■ Work request
Please state how many lines in the records below contain the word "times"; the answer should be a number and nothing else.

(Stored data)
• • • •
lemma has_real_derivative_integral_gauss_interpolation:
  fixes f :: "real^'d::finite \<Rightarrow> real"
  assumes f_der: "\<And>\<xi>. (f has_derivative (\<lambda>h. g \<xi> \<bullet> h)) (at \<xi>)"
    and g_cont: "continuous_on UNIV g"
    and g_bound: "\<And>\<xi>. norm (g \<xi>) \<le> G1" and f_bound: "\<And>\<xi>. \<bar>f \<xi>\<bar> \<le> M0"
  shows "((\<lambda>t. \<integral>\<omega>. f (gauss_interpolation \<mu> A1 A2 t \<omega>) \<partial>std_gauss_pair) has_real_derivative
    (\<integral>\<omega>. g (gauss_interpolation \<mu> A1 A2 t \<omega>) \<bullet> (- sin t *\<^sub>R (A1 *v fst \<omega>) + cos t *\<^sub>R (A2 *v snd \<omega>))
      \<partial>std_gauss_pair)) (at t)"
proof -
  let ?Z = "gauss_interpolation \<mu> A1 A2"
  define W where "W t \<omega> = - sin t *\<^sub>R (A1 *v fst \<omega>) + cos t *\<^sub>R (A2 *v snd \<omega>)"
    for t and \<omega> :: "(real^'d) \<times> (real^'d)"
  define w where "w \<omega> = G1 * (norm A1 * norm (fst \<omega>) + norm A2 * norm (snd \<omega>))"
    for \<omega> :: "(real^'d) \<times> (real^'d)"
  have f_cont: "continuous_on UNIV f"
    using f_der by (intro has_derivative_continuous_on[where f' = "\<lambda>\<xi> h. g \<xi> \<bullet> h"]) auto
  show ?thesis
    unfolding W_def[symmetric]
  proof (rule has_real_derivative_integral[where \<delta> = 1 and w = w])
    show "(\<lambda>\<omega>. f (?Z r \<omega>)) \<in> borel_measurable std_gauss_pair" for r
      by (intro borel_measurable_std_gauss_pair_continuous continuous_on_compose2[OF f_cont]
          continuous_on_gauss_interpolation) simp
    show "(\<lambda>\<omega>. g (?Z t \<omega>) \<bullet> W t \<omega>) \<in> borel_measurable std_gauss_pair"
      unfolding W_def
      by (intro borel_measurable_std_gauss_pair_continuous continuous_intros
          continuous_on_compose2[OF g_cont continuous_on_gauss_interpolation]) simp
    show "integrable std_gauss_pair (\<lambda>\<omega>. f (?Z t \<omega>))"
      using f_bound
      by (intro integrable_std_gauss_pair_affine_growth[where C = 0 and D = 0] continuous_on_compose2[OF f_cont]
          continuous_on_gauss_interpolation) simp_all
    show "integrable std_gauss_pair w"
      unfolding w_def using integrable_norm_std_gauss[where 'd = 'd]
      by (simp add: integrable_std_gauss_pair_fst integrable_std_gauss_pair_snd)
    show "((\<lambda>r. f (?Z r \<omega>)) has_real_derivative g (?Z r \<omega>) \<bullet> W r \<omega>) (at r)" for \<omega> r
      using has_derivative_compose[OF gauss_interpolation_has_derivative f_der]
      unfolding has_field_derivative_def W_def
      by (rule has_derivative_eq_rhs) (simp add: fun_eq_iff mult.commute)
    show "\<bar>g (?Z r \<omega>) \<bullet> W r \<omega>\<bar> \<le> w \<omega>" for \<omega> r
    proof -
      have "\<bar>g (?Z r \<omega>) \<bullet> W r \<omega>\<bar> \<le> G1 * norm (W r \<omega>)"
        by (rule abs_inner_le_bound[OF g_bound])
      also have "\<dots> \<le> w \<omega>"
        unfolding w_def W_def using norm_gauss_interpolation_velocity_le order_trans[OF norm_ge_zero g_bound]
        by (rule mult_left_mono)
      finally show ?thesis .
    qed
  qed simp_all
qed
• • • •
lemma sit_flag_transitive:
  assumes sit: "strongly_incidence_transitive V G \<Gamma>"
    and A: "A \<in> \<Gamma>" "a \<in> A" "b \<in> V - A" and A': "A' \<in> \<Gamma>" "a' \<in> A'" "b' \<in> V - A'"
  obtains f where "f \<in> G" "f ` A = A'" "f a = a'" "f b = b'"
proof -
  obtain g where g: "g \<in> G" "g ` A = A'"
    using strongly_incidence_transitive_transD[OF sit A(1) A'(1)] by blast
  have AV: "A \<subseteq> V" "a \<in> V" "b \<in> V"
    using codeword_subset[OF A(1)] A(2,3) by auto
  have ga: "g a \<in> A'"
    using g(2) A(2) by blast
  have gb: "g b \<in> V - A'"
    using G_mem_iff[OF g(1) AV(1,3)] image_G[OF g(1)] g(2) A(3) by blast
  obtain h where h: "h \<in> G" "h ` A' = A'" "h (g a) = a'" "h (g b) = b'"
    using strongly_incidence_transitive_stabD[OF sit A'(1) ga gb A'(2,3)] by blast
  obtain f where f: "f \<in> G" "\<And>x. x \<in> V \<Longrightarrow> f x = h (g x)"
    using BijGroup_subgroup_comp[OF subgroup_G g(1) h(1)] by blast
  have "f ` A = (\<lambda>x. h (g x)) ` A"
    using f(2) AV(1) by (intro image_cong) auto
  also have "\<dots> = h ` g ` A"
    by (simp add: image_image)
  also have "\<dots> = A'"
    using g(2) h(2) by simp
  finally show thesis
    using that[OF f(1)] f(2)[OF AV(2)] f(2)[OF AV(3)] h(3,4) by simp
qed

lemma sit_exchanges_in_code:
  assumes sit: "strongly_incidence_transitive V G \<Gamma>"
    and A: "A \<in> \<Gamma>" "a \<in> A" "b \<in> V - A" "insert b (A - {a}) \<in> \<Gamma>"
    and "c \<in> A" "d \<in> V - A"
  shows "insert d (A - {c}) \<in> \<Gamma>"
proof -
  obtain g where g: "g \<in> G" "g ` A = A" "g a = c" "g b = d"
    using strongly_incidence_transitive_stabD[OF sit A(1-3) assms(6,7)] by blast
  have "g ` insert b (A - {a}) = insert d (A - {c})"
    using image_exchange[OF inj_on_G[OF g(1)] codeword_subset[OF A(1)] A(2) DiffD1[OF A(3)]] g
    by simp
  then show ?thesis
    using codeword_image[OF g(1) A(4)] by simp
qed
• • • •
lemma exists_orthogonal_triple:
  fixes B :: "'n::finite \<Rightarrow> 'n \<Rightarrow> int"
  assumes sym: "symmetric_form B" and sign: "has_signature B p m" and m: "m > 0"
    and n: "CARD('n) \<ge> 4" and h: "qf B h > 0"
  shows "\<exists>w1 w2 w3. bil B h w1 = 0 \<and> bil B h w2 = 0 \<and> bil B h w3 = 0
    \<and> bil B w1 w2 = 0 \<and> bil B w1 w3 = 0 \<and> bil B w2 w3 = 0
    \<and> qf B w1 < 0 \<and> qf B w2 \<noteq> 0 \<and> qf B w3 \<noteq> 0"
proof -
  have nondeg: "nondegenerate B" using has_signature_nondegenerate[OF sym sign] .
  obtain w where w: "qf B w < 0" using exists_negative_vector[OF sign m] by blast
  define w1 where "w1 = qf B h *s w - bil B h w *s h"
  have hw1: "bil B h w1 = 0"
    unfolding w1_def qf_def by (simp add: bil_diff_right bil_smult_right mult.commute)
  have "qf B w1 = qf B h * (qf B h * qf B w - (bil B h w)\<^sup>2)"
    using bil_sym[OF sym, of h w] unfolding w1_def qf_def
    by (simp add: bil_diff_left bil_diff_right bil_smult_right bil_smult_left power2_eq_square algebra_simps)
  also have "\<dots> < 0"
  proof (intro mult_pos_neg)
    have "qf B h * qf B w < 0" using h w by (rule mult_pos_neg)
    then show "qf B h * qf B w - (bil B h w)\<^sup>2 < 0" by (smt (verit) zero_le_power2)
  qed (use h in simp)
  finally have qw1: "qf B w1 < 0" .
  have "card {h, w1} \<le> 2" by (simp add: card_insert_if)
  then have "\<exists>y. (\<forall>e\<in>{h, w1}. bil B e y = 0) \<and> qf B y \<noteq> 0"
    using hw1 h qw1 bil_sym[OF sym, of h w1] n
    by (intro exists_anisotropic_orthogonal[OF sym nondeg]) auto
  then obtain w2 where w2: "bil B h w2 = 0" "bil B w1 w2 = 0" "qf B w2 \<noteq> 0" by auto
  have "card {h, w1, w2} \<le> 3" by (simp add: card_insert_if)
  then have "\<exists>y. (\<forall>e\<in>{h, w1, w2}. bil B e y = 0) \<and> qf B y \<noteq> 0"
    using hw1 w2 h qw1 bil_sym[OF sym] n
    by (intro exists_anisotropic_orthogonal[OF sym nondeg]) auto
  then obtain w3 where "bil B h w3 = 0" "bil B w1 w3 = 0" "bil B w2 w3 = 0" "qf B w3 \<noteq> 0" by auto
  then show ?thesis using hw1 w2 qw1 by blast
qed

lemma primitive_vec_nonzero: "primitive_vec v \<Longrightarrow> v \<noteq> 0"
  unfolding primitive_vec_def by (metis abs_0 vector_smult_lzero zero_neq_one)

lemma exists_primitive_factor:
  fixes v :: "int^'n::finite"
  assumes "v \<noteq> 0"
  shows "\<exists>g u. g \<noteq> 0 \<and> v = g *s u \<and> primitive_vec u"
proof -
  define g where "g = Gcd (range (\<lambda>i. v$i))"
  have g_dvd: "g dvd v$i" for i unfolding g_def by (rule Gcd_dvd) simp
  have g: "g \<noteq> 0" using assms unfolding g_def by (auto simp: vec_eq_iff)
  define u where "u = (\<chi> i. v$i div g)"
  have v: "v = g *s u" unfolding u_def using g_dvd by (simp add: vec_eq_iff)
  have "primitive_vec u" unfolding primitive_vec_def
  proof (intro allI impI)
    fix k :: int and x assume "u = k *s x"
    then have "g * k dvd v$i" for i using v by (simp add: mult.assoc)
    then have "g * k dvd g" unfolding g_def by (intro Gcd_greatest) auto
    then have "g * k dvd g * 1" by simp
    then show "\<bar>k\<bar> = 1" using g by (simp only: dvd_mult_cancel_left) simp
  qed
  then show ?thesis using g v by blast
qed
• • • •
■ Your response
2